BWT converts the original text into a similar text, which is converted such that the same character positions are consecutive or adjacent. The BWT algorithm can match a short sequence a with a long sequence a to find the position of a in a.
In the embodiment provided by the invention, the BWT-based protocol format extraction unit is: firstly, the protocol format extraction mode based on BWT is as follows: firstly, two streams x and y are randomly selected from the same class of abstract streams, on the basis of AB segment marking on the two streams, an A segment at the same position is selected, a suffix tree is constructed by taking the A segment of the y stream as a template, and the A segment of the x stream is taken as a segmentation object to be uniformly segmented with the appointed unit length.

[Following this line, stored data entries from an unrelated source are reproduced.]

lemma torsion_zmul:
  assumes "torsion_free V" "x \<in> V" "d \<noteq> 0" "zmul d x = 0"
  shows "x = 0"
proof -
  have "nmul (nat \<bar>d\<bar>) x = 0" "nat \<bar>d\<bar> > 0"
    using assms(3,4) by (auto simp: zmul_def split: if_splits)
  then show ?thesis
    using assms(1,2) unfolding torsion_free_def by blast
qed

text \<open>Rank is superadditive on submonoids with independent Grothendieck
  groups: independent sets of N and K together stay independent.\<close>

lemma rk_add_le:
  assumes fr: "finite_rank M" and sm: "submonoid N" "submonoid K"
    and sub: "N \<subseteq> M" "K \<subseteq> M" and disj: "gp N \<inter> gp K \<subseteq> {0}"
  shows "rk N + rk K \<le> rk M"
proof -
  obtain AN where AN: "AN \<subseteq> gp N" "zindep AN" "card AN = rk N"
    using rk_ex finite_rank_subset[OF fr sub(1)] by blast
  obtain AK where AK: "AK \<subseteq> gp K" "zindep AK" "card AK = rk K"
    using rk_ex finite_rank_subset[OF fr sub(2)] by blast
  have fin: "finite AN" "finite AK"
    using AN AK zindep_def by blast+
  have dj: "AN \<inter> AK = {}"
    using AN(1,2) AK(1) disj zindep_nonzero by blast
  have "zindep (AN \<union> AK)"
    unfolding zindep_def
  proof (intro conjI allI impI ballI)
    show "finite (AN \<union> AK)"
      using fin by simp
  next
    fix c s assume h: "(\<Sum>s\<in>AN \<union> AK. zmul (c s) s) = 0" "s \<in> AN \<union> AK"
    let ?sN = "\<Sum>s\<in>AN. zmul (c s) s" and ?sK = "\<Sum>s\<in>AK. zmul (c s) s"
    have e: "?sN = - ?sK"
      using h(1) fin dj by (simp add: sum.union_disjoint eq_neg_iff_add_eq_0)
    have "?sN \<in> gp N" "- ?sK \<in> gp K"
      using gp_subspace[OF sm(1)] gp_subspace[OF sm(2)] AN(1) AK(1)
      by (auto intro!: Z.subspace_neg Z.subspace_sum Z.subspace_scale)
    then have "?sN = 0" "?sK = 0"
      using disj e by auto
    then show "c s = 0"
      using h(2) AN(2) AK(2) unfolding zindep_def by blast
  qed
  moreover have "AN \<union> AK \<subseteq> gp M"
    using AN(1) AK(1) gp_mono[OF sub(1)] gp_mono[OF sub(2)] by blast
  ultimately have "card (AN \<union> AK) \<le> rk M"
    using rk_ge[OF fr] by blast
  then show ?thesis
    using card_Un_disjoint[OF fin dj] AN AK by simp
qed

lemma exchange_common:
  assumes fA: "finite A" and y: "y \<in> Z.span A" "y \<noteq> 0" "y \<in> rspan B"
  shows "\<exists>a0\<in>A. A \<union> B \<subseteq> rspan ((A - {a0}) \<union> B)"
proof -
  obtain \<alpha> where \<alpha>: "y = (\<Sum>a\<in>A. zmul (\<alpha> a) a)"
    using y(1) Z.span_finite[OF fA] by auto
  then obtain a0 where a0: "a0 \<in> A" "\<alpha> a0 \<noteq> 0"
    using y(2) by (metis (no_types, lifting) sum.neutral Z.scale_zero_left)
  obtain e where e: "e \<noteq> 0" "zmul e y \<in> Z.span B"
    using y(3) unfolding rspan_def by blast
  define T where "T = (A - {a0}) \<union> B"
  have "zmul e y = zmul (e * \<alpha> a0) a0 + (\<Sum>a\<in>A - {a0}. zmul (e * \<alpha> a) a)"
    unfolding \<alpha> Z.scale_sum_right using a0 fA by (simp add: sum.remove)
  then have "zmul (e * \<alpha> a0) a0 = zmul e y - (\<Sum>a\<in>A - {a0}. zmul (e * \<alpha> a) a)"
    by (simp add: eq_diff_eq)
  also have "\<dots> \<in> Z.span T"
  proof (rule Z.span_diff)
    show "zmul e y \<in> Z.span T"
      using e(2) Z.span_mono[of B T] unfolding T_def by blast
    show "(\<Sum>a\<in>A - {a0}. zmul (e * \<alpha> a) a) \<in> Z.span T"
      by (rule Z.span_sum, rule Z.span_scale, rule Z.span_base) (simp add: T_def)
  qed
  finally have "a0 \<in> rspan T"
    unfolding rspan_def using e(1) a0(2) by (auto intro!: exI[of _ "e * \<alpha> a0"])
  then have "A \<union> B \<subseteq> rspan T"
    using rspan_base[of T] unfolding T_def by blast
  then show ?thesis
    using a0(1) unfolding T_def by blast
qed

lemma rk_lt_of_common:
  assumes fr: "finite_rank M" and tf: "torsion_free (gp M)"
    and sub: "N \<subseteq> M" "K \<subseteq> M"
    and cover: "gp M \<subseteq> {a + b | a b. a \<in> gp N \<and> b \<in> gp K}"
    and x: "x \<in> gp N" "x \<in> gp K" "x \<noteq> 0"
  shows "rk M < rk N + rk K"
proof -
  have frN: "finite_rank N" and frK: "finite_rank K"
    using finite_rank_subset[OF fr] sub by blast+
  obtain AN where AN: "AN \<subseteq> gp N" "zindep AN" "card AN = rk N"
    using rk_ex[OF frN] by blast
  obtain AK where AK: "AK \<subseteq> gp K" "zindep AK" "card AK = rk K"
    using rk_ex[OF frK] by blast
  obtain AM where AM: "AM \<subseteq> gp M" "zindep AM" "card AM = rk M"
    using rk_ex[OF fr] by blast
  have fin: "finite AN" "finite AK"
    using AN AK zindep_def by blast+
  have RN: "gp N \<subseteq> rspan AN" and RK: "gp K \<subseteq> rspan AK"
    using max_indep_rspan frN AN frK AK by blast+
  obtain e where e: "e \<noteq> 0" "zmul e x \<in> Z.span AN"
    using RN x(1) unfolding rspan_def by blast
  have "zmul e x \<noteq> 0"
    using torsion_zmul[OF tf _ e(1)] x(1,3) gp_mono[OF sub(1)] by blast
  moreover have "zmul e x \<in> rspan AK"
    using RK x(2) Z.subspace_scale[OF subspace_rspan] by blast
  ultimately obtain a0 where a0: "a0 \<in> AN" and U: "AN \<union> AK \<subseteq> rspan ((AN - {a0}) \<union> AK)"
    using exchange_common[OF fin(1) e(2)] by blast
  have "gp M \<subseteq> rspan (AN \<union> AK)"
    using cover RN RK rspan_mono[of AN "AN \<union> AK"] rspan_mono[of AK "AN \<union> AK"]
      Z.subspace_add[OF subspace_rspan] by blast
  then have "AM \<subseteq> rspan ((AN - {a0}) \<union> AK)"
    using AM(1) rspan_trans[OF U] by blast
  then have "card AM \<le> card ((AN - {a0}) \<union> AK)"
    using zindep_card_le[OF AM(2)] fin by simp
  also have "\<dots> \<le> card AN - 1 + card AK"
    using card_Un_le[of "AN - {a0}" AK] a0 fin by simp
  moreover have "card AN > 0"
    using a0 fin card_gt_0_iff by blast
  ultimately show ?thesis
    using AM(3) AN(3) AK(3) by linarith
qed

(1) Uniform dividing manner
Initially, a specified unit length of 2 bytes is set, and the first a segment of the x stream is divided into uniform character strings of length 2. The position is marked for each string. And then, taking the character string at each position as a matching character string, matching in the first A section of the y stream, if the matching is achieved, indicating that the character string with the length of 2 appears in the first A section of the y stream, and keeping the character string. If the matching is not achieved, the character string with the length of 2 is not shown in the section A of the y stream, and the character string is discarded. The result is an array of strings.
(2) Length extension mode
And expanding each character string in the reserved character string array by one character to the right, merging two adjacent reserved character strings if the expanded character is positioned in the adjacent reserved character strings, refreshing the length of the character strings (namely the sum of the lengths of the adjacent character strings), and reserving the initial position of the initial character of the new character string in the section A. If the expanded character is not located in an adjacent string, the string length is refreshed (i.e., the original string length plus 1), and the initial position of the new string in the first character in section A is preserved.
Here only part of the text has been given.